Wigner solution of the quark gap equation

TL;DR

This paper investigates the solutions of the quark gap equation within the NJL model, revealing the conditions under which Wigner and Nambu solutions exist and how they evolve with parameters like coupling strength, quark mass, temperature, and chemical potential.

Contribution

It provides a detailed analysis of the Wigner solution and its stability in the NJL model, including the concept of pseudo-Wigner solutions and their dependence on physical parameters.

Findings

Wigner solution exists at zero coupling in the chiral limit.

Pseudo-Wigner solutions become unstable as quark mass increases.

A second local minimum appears at high chemical potential, indicating phase transition features.

Abstract

Solutions and their evolutions of the quark gap equation are studied within the Nambu-Jona--Lasinio model, which is a basic issue for studying the QCD phase structure and locating the possible critical end point.
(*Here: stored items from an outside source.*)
(* Let $\mathbb{P}\subset\mathbb{R}^n$ be a polyhedron, $\mathbb{G}$ a nonempty face of $\mathbb{P}$, and $\mathfrak q\in(\mathbb{G}^* )^\circ|\mathbb{P}$. Then there is $r>0$ (depending on $\mathfrak q$) such that for all $\mathfrak n\in\mathbb{P}\setminus\mathbb{G}$ and $\mathfrak m\in\mathbb{G}$ one has $\mathrm{P}_{V(\mathbb{G})^\perp}(\mathfrak n-\mathfrak m)\ne0$ and $$\Big\langle\mathfrak q,\frac{\mathrm{P}_{V(\mathbb{G})^\perp}(\mathfrak n-\mathfrak m)}{|\mathrm{P}_{V(\mathbb{G})^\perp}(\mathfrak n-\mathfrak m)|}\Big\rangle\ge r.$$
   Context: A polyhedron is a finite intersection of closed half-spaces. For a polyhedron $\mathbb{Q}$ and a nonempty $\mathbb{G}\subset\mathbb{Q}$, $\mathbb{G}$ is a face of $\mathbb{Q}$ if there are $\mathfrak q,r$ with $\langle\mathfrak q,u\rangle=r$ on $\mathbb{G}$ and $>r$ on $\mathbb{Q}\setminus\mathbb{G}$; $(\mathbb{G}^* )^\circ|\mathbb{Q}=\{\mathfrak q\in\mathbb{R}^n\setminus\{0\}:\exists r,\langle\mathfrak q,u\rangle=r\ (u\in\mathbb{G}),\langle\mathfrak q,y\rangle>r\ (y\in\mathbb{Q}\setminus\mathbb{G})\}$. $V(\mathbb{G})=\mathrm{span}(\mathbb{G}-\mathfrak p)$ for any $\mathfrak p\in\mathbb{G}$ (the direction space of the affine hull), and $\mathrm{P}_{W}$ denotes orthogonal projection onto a subspace $W$. *)

theory Defs
  imports "HOL-Analysis.Analysis"
begin

definition is_face :: "'a::euclidean_space set \<Rightarrow> 'a set \<Rightarrow> bool" where
  "is_face G Q \<longleftrightarrow> G \<noteq> {} \<and> G \<subseteq> Q \<and>
     (\<exists>q r. (\<forall>u\<in>G. inner q u = r) \<and> (\<forall>y\<in>Q - G. inner q y > r))"

definition dual_open :: "'a::euclidean_space set \<Rightarrow> 'a set \<Rightarrow> 'a set" where
  "dual_open G Q = {q. q \<noteq> 0 \<and>
     (\<exists>r. (\<forall>u\<in>G. inner q u = r) \<and> (\<forall>y\<in>Q - G. inner q y > r))}"

text \<open>Direction space of the affine hull: V(G) = span (G - p) for p in G.\<close>
definition dir_space :: "'a::euclidean_space set \<Rightarrow> 'a set" where
  "dir_space G = span ((\<lambda>u. u - (SOME p. p \<in> G)) ` G)"

definition orth_proj :: "'a::euclidean_space set \<Rightarrow> 'a \<Rightarrow> 'a" where
  "orth_proj W x = closest_point W x"

end

theory Submission
  imports Defs
begin

text \<open>Fix a relative interior point \<open>m\<^sub>0\<close> of \<open>G\<close>. A constraint of \<open>P\<close> active at \<open>m\<^sub>0\<close> is
  active on all of \<open>G\<close>, so the component \<open>y\<close> of \<open>n - m\<close> orthogonal to \<open>V(G)\<close> lies in the
  cone \<open>K\<close> of directions allowed by the constraints active at \<open>m\<^sub>0\<close>, and
  \<open>\<langle>q, y\<rangle> = \<langle>q, n - m\<rangle> > 0\<close>. Conversely, for a nonzero \<open>d \<in> K \<inter> V(G)\<^sup>\<bottom>\<close> the points
  \<open>m\<^sub>0 + t d\<close> with small \<open>t > 0\<close> lie in \<open>P\<close> but not in \<open>G\<close> (as \<open>d \<notin> V(G)\<close>), whence
  \<open>\<langle>q, d\<rangle> > 0\<close>; compactness of the unit vectors of \<open>K \<inter> V(G)\<^sup>\<bottom>\<close> makes this bound uniform.\<close>

lemma polyhedron_as_constraints:
  assumes "polyhedron P"
  shows "\<exists>F (a :: 'a set \<Rightarrow> 'a::euclidean_space) b. finite F \<and> P = {x. \<forall>h\<in>F. a h \<bullet> x \<le> b h}"
proof -
  from assms obtain F where F: "finite F" "P = \<Inter>F"
    and "\<forall>h\<in>F. \<exists>a b. a \<noteq> 0 \<and> h = {x. a \<bullet> x \<le> b}"
    by (auto simp: polyhedron_def)
  then obtain a b where "\<And>h. h \<in> F \<Longrightarrow> h = {x. a h \<bullet> x \<le> b h}"
    by metis
  with F have "P = {x. \<forall>h\<in>F. a h \<bullet> x \<le> b h}"
    by auto
  with F(1) show ?thesis
    by (intro exI[of _ F] exI[of _ a] exI[of _ b] conjI)
qed
lemma exists_KB_subgraph_isomorphic:
  assumes K: "simple_graph K" and inj: "inj_on g (verts K)"
    and "\<And>x. x \<in> verts K \<Longrightarrow> is_biclique G (g x)"
    and "\<And>x y. adj K x y \<Longrightarrow> g x \<inter> g y \<noteq> {}"
    and "g c = C" and leaves: "\<And>i. i \<in> I \<Longrightarrow> \<exists>x. adj K c x \<and> g x = L i"
  shows "\<exists>H. subgraph H (KB G) \<and> isomorphic H K \<and> (\<forall>i\<in>I. adj H C (L i))"
proof (intro exI conjI ballI)
  show "subgraph (imgraph g K) (KB G)" using subgraph_KB_imgraph[OF K inj] assms(3,4) by blast
  show "isomorphic (imgraph g K) K" using isomorphic_imgraph[OF inj] .
  fix i assume "i \<in> I"
  then obtain x where "adj K c x" "g x = L i" using leaves by blast
  moreover have "c \<in> verts K" "x \<in> verts K" using simple_graph_adjD[OF K \<open>adj K c x\<close>] by simp_all
  ultimately show "adj (imgraph g K) C (L i)"
    using adj_imgraph[OF inj] \<open>g c = C\<close> by metis
qed

definition biclique_star :: "'a graph \<Rightarrow> 'a set \<Rightarrow> (nat \<Rightarrow> 'a set) \<Rightarrow> nat \<Rightarrow> bool" where
  "biclique_star G C L n \<longleftrightarrow> is_biclique G C \<and>
     (\<forall>i\<in>{1..n}. is_biclique G (L i) \<and> L i \<inter> C \<noteq> {} \<and> L i \<noteq> C) \<and>
     (\<forall>i\<in>{1..n}. \<forall>j\<in>{1..n}. i \<noteq> j \<longrightarrow> L i \<inter> L j = {})"

definition square_D_extension :: "'a graph \<Rightarrow> 'a set \<Rightarrow> (nat \<Rightarrow> 'a set) \<Rightarrow> nat \<Rightarrow> bool" where
  "square_D_extension G C L n \<longleftrightarrow> (\<exists>H. subgraph H (KB G) \<and> (\<forall>i\<in>{1..n}. adj H C (L i)) \<and>
     (isomorphic H (square (D n)) \<or> isomorphic H (square (D_minus n))))"

lemma biclique_star_inj_on:
  assumes "biclique_star G C L n" shows "inj_on L {1..n}"
proof (rule inj_onI)
  fix i j assume ij: "i \<in> {1..n}" "j \<in> {1..n}" "L i = L j"
  show "i = j"
  proof (rule ccontr)
    assume "i \<noteq> j"
    then have "L i \<inter> L j = {}" "L i \<inter> C \<noteq> {}" using assms ij(1,2) unfolding biclique_star_def by blast+
    with ij(3) show False by simp
  qed
qed

lemma biclique_star_reindex:
  assumes "biclique_star G C L n" "bij_betw p {1..n} {1..n}"
  shows "biclique_star G C (L \<circ> p) n"
proof -
  have p: "p i \<in> {1..n}" if "i \<in> {1..n}" for i
    using bij_betwE[OF assms(2)] that by blast
  have "p i \<noteq> p j" if "i \<in> {1..n}" "j \<in> {1..n}" "i \<noteq> j" for i j
    using inj_onD[OF bij_betw_imp_inj_on[OF assms(2)]] that by blast
  with p assms(1) show ?thesis unfolding biclique_star_def comp_apply by blast
qed

lemma square_D_extension_reindex:
  assumes "square_D_extension G C (L \<circ> p) n" "bij_betw p {1..n} {1..n}"
  shows "square_D_extension G C L n"
proof -
  have "\<exists>j\<in>{1..n}. i = p j" if "i \<in> {1..n}" for i
    using that bij_betw_imp_surj_on[OF assms(2)] by blast
  then show ?thesis using assms(1) unfolding square_D_extension_def comp_apply by metis
qed

lemma biclique_star_neighbourhood_bicliques:
  assumes sg: "simple_graph G" and tri: "triangle_free G" and star: "biclique_star G C L n"
    and I: "I \<subseteq> {1..n}" and z: "\<And>i. i \<in> I \<Longrightarrow> z i \<in> C \<inter> L i \<and> \<not> neighbours G (z i) \<subseteq> C"
  obtains M where
    "\<And>i. i \<in> I \<Longrightarrow> is_biclique G (M i) \<and> insert (z i) (neighbours G (z i)) \<subseteq> M i \<and> M i \<noteq> C"
    "\<And>i j. i \<in> I \<Longrightarrow> j \<in> {1..n} \<Longrightarrow> i \<noteq> j \<Longrightarrow> M i \<noteq> L j"
    "inj_on M I" "\<And>i j. i \<in> I \<Longrightarrow> j \<in> I \<Longrightarrow> M i \<inter> M j \<noteq> {}"
proof -
  have L: "\<And>i. i \<in> {1..n} \<Longrightarrow> is_biclique G (L i)"
    and disj: "\<And>i j. i \<in> {1..n} \<Longrightarrow> j \<in> {1..n} \<Longrightarrow> i \<noteq> j \<Longrightarrow> L i \<inter> L j = {}"
    and C: "is_biclique G C"
    using star unfolding biclique_star_def by auto
  have "\<exists>R. is_biclique G R \<and> insert (z i) (neighbours G (z i)) \<subseteq> R" if "i \<in> I" for i
  proof -
    have "neighbours G (z i) \<noteq> {}" using z[OF that] by blast
    then obtain R where "is_biclique G R" "insert (z i) (neighbours G (z i)) \<subseteq> R"
      by (rule closed_neighbourhood_in_biclique[OF sg tri])
    then show ?thesis by blast
  qed
  then have R: "\<forall>i\<in>I. \<exists>R. is_biclique G R \<and> insert (z i) (neighbours G (z i)) \<subseteq> R" by blast
  obtain M where M: "\<And>i. i \<in> I \<Longrightarrow> is_biclique G (M i) \<and> insert (z i) (neighbours G (z i)) \<subseteq> M i"
    using bchoice[OF R] by blast
  show thesis
  proof (rule that[of M])
    show "is_biclique G (M i) \<and> insert (z i) (neighbours G (z i)) \<subseteq> M i \<and> M i \<noteq> C" if "i \<in> I" for i
      using M[OF that] z[OF that] by blast
    show "M i \<noteq> L j" if "i \<in> I" "j \<in> {1..n}" "i \<noteq> j" for i j
      using M[OF that(1)] z[OF that(1)] disj[OF _ that(2,3)] I that(1) by blast
    show "inj_on M I"
    proof (rule inj_onI)
      fix i j assume ij: "i \<in> I" "j \<in> I" "M i = M j"
      show "i = j"
      proof (rule ccontr)
        assume "i \<noteq> j"
        have i: "i \<in> {1..n}" and j: "j \<in> {1..n}" using ij I by blast+
        have "insert (z j) (neighbours G (z j)) \<subseteq> M i" using M[OF ij(2)] ij(3) by simp
        then show False
          using closed_neighbourhoods_of_disjoint_bicliques_apart[OF sg tri L[OF i] L[OF j]
              disj[OF i j \<open>i \<noteq> j\<close>] _ _ biclique_complete_bipartite]
            M[OF ij(1)] z[OF ij(1)] z[OF ij(2)] by blast
      qed
    qed
    show "M i \<inter> M j \<noteq> {}" if "i \<in> I" "j \<in> I" for i j
      using closed_neighbourhoods_meet[OF sg biclique_complete_bipartite[OF C], of "z i" "z j"]
        M[OF that(1)] M[OF that(2)] z[OF that(1)] z[OF that(2)] by blast
  qed
qed

lemma square_D_extension_of_D_labelling:
  assumes C: "is_biclique G C"
    and bicliques: "\<And>i. i \<in> {1..n} \<Longrightarrow> is_biclique G (M i) \<and> is_biclique G (L i)"
    and not_C: "\<And>i. i \<in> {1..n} \<Longrightarrow> M i \<noteq> C \<and> L i \<noteq> C"
    and "inj_on M {1..n}" "inj_on L {1..n}"
    and M_L: "\<And>i j. i \<in> {1..n} \<Longrightarrow> j \<in> {1..n} \<Longrightarrow> M i \<noteq> L j"
    and meets: "\<And>i. i \<in> {1..n} \<Longrightarrow> C \<inter> M i \<noteq> {} \<and> C \<inter> L i \<noteq> {} \<and> M i \<inter> L i \<noteq> {}"
    and MM: "\<And>i j. i \<in> {1..n} \<Longrightarrow> j \<in> {1..n} \<Longrightarrow> M i \<inter> M j \<noteq> {}"
  shows "square_D_extension G C L n"
proof -
  define g where "g = D_labelling n C M L"
  let ?K = "square (D n)"
  have M_L': "M i \<noteq> L j" if "i \<in> {1..n}" "j \<in> {1..n}" "n + j \<in> {0..2*n}" for i j
    using M_L that by blast
  have inj: "inj_on g (verts ?K)"
    unfolding g_def verts_square_D
    by (rule inj_on_D_labelling[OF order_refl not_C \<open>inj_on M {1..n}\<close> \<open>inj_on L {1..n}\<close> M_L'])
  have bicliques: "is_biclique G (g x)" if "x \<in> verts ?K" for x
  proof -
    have "g x \<in> {P. is_biclique G P}"
      unfolding g_def using that C bicliques by (intro D_labelling_mem) (auto simp: verts_square_D)
    then show ?thesis by simp
  qed
  have meets: "g x \<inter> g y \<noteq> {}" if "adj ?K x y" for x y
    unfolding g_def by (rule D_labelling_meets[OF meets MM that])
  have g0: "g 0 = C" by (simp add: g_def D_labelling_simps)
  have leaves: "\<exists>x. adj ?K 0 x \<and> g x = L i" if "i \<in> {1..n}" for i
  proof (intro exI conjI)
    show "adj ?K 0 (n + i)" using that by (intro adj_square_D_centre) auto
    show "g (n + i) = L i" using that by (simp add: g_def D_labelling_simps)
  qed
  have "\<exists>H. subgraph H (KB G) \<and> isomorphic H ?K \<and> (\<forall>i\<in>{1..n}. adj H C (L i))"
    by (rule exists_KB_subgraph_isomorphic[OF simple_graph_square[OF simple_graph_D] inj bicliques meets g0 leaves])
  then show ?thesis unfolding square_D_extension_def by blast
qed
It is shown that in the chiral limit case of the vacuum, chiral symmetry will hold if the coupling strength $G$ is small, then the system only has the Wigner solution at $M=0$. If increasing $G$, two symmetric minima will appear as the positive and `negative' Nambu solutions, however, the solution $M=0$ now corresponds to a maximum instead of a minimum of the thermodynamical potential, so is not a physically stable state anymore (we call it `pseudo-Wigner solution'). Besides, it is shown that as the current quark mass $m$ increases, the pseudo-Wigner solution will become negative, and disappear together with the negative Nambu solution if $m$ is large enough. Similar things happen if we increase the temperature or quark chemical potential $\mu$. Some interesting phenomenon is, from some $\mu$ a second local minimum will show up. As $\mu$ increases gradually, it will be stabler than the Nambu solution, survives even the Nambu solution disappears, and approaches $m$, which are just the features of the Wigner solution we expect.